▶ _Work to complete_: Beginning with the line where "in (insert p" appears, retype every remaining line of the data below, both the first and last included.

▶ _Dataset excerpts_:

--------------------------------------------------

(* Let $k\ge1$ be the cache size and let $N\ge k+1$. For the path access graph $P_N$ on $N$ vertices and $\mathcal{A}\in\{\mathrm{LRU},\mathrm{FAR}\}$, \[ \mathcal{I}^{P_N}[\mathrm{FWF},\mathcal{A}]=\left[0,\ 1-\frac{1}{k}\right]. \] Moreover, for $\mathcal{A}=\mathrm{LRU}$ the same equality $\mathcal{I}^{G}[\mathrm{FWF},\mathrm{LRU}]=[0,1-\frac1k]$ holds for any access graph $G$ containing a path on $k+1$ vertices.
   Context: Paging: a cache holds at most $k$ pages and is initially empty. A request to a page in the cache is a hit; otherwise it is a fault, the page is brought into the cache, evicting a page first if the cache is full. $\mathcal{A}(I)$ is the number of faults of $\mathcal{A}$ on request sequence $I$. LRU evicts the least recently requested cached page. FWF (flush-when-full): on a fault with a full cache, it empties the cache and then brings in the requested page. FAR (relative to the access graph): each requested page is marked; on a fault with a full cache, if all cached pages are marked it first unmarks all pages; it then evicts the unmarked cached page whose graph distance to the nearest marked page is largest, ties broken by evicting the least recently requested. Access graph: a graph $G$ whose vertices are the pages; a request sequence respects $G$ if any two consecutive requests are identical or adjacent in $G$; $L(G)$ is the set of such sequences. Relative interval: $\mathrm{Min}_{\mathcal{A},\mathcal{B}}(n,G)=\min\{\mathcal{A}(I)-\mathcal{B}(I): I\in L(G),|I|=n\}$, $\mathrm{Max}_{\mathcal{A},\mathcal{B}}(n,G)$ analogously with max; $\mathrm{Min}^G(\mathcal{A},\mathcal{B})=\liminf_{n\to\infty}\mathrm{Min}_{\mathcal{A},\mathcal{B}}(n,G)/n$, $\mathrm{Max}^G(\mathcal{A},\mathcal{B})=\limsup_{n\to\infty}\mathrm{Max}_{\mathcal{A},\mathcal{B}}(n,G)/n$, and $\mathcal{I}^G[\mathcal{A},\mathcal{B}]=[\mathrm{Min}^G(\mathcal{A},\mathcal{B}),\mathrm{Max}^G(\mathcal{A},\mathcal{B})]$. *)

theory Defs
  imports "HOL-Library.Extended_Real" "HOL-Library.Extended_Nat" "HOL-Library.Liminf_Limsup"
begin

definition respects_graph :: "'a set \<Rightarrow> ('a \<Rightarrow> 'a \<Rightarrow> bool) \<Rightarrow> 'a list \<Rightarrow> bool" where
  "respects_graph V E rs \<longleftrightarrow> set rs \<subseteq> V \<and>
     (\<forall>i. Suc i < length rs \<longrightarrow> rs ! i = rs ! Suc i \<or> E (rs ! i) (rs ! Suc i))"

definition gdist :: "('a \<Rightarrow> 'a \<Rightarrow> bool) \<Rightarrow> 'a \<Rightarrow> 'a \<Rightarrow> enat" where
  "gdist E u v = (if \<exists>n. (E ^^ n) u v then enat (LEAST n. (E ^^ n) u v) else \<infinity>)"

text \<open>Path graph P_N on vertices 0..N-1.\<close>
definition path_edge :: "nat \<Rightarrow> nat \<Rightarrow> bool" where
  "path_edge i j \<longleftrightarrow> i + 1 = j \<or> j + 1 = i"

definition contains_path :: "'a set \<Rightarrow> ('a \<Rightarrow> 'a \<Rightarrow> bool) \<Rightarrow> nat \<Rightarrow> bool" where
  "contains_path V E m \<longleftrightarrow> (\<exists>vs. length vs = m \<and> distinct vs \<and> set vs \<subseteq> V \<and>
       (\<forall>i. Suc i < m \<longrightarrow> E (vs ! i) (vs ! Suc i)))"

definition last_req :: "'a list \<Rightarrow> 'a \<Rightarrow> nat" where
  "last_req h q = (GREATEST i. i < length h \<and> h ! i = q)"

definition lru_step :: "nat \<Rightarrow> 'a list \<Rightarrow> 'a set \<Rightarrow> 'a \<Rightarrow> 'a set" where
  "lru_step k h C p =
     (if p \<in> C then C
      else if card C < k then insert p C
      else insert p (C - {ARG_MIN (last_req h) q. q \<in> C}))"

fun lru_aux :: "nat \<Rightarrow> 'a list \<Rightarrow> 'a set \<Rightarrow> 'a list \<Rightarrow> nat" where
  "lru_aux k h C [] = 0"
| "lru_aux k h C (p # ps) = (if p \<in> C then 0 else 1) + lru_aux k (h @ [p]) (lru_step k h C p) ps"

definition lru :: "nat \<Rightarrow> 'a list \<Rightarrow> nat" where
  "lru k rs = lru_aux k [] {} rs"

definition fwf_step :: "nat \<Rightarrow> 'a set \<Rightarrow> 'a \<Rightarrow> 'a set" where
  "fwf_step k C p = (if p \<in> C then C else if card C < k then insert p C else {p})"

fun fwf_aux :: "nat \<Rightarrow> 'a set \<Rightarrow> 'a list \<Rightarrow> nat" where
  "fwf_aux k C [] = 0"
| "fwf_aux k C (p # ps) = (if p \<in> C then 0 else 1) + fwf_aux k (fwf_step k C p) ps"

definition fwf :: "nat \<Rightarrow> 'a list \<Rightarrow> nat" where
  "fwf k rs = fwf_aux k {} rs"

text \<open>FAR: state is (cache, marked pages).\<close>
definition far_step :: "nat \<Rightarrow> ('a \<Rightarrow> 'a \<Rightarrow> bool) \<Rightarrow> 'a list \<Rightarrow> 'a set \<times> 'a set \<Rightarrow> 'a
    \<Rightarrow> 'a set \<times> 'a set" where
  "far_step k E h S p =
     (let C = fst S; M = snd S in
      if p \<in> C then (C, insert p M)
      else if card C < k then (insert p C, insert p M)
      else
        let M' = insert p (if C \<subseteq> M then {} else M);
            U = C - M';
            d = (\<lambda>q. Min ((\<lambda>m. gdist E q m) ` M'));
            D = Max (d ` U);
            v = (ARG_MIN (last_req h) q. q \<in> U \<and> d q = D)
        in (insert p (C - {v}), M'))"

fun far_aux :: "nat \<Rightarrow> ('a \<Rightarrow> 'a \<Rightarrow> bool) \<Rightarrow> 'a list \<Rightarrow> 'a set \<times> 'a set \<Rightarrow> 'a list \<Rightarrow> nat" where
  "far_aux k E h S [] = 0"
| "far_aux k E h S (p # ps) =
     (if p \<in> fst S then 0 else 1) + far_aux k E (h @ [p]) (far_step k E h S p) ps"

--------------------------------------------------

▶ _Response for this exercise_:
        in (insert p (C - {v}), M'))"

fun far_aux :: "nat \<Rightarrow> ('a \<Rightarrow> 'a \<Rightarrow> bool) \<Rightarrow> 'a list \<Rightarrow> 'a set \<times> 'a set \<Rightarrow> 'a list \<Rightarrow> nat" where
  "far_aux k E h S [] = 0"
| "far_aux k E h S (p # ps) =
     (if p \<in> fst S then 0 else 1) + far_aux k E (h @ [p]) (far_step k E h S p) ps"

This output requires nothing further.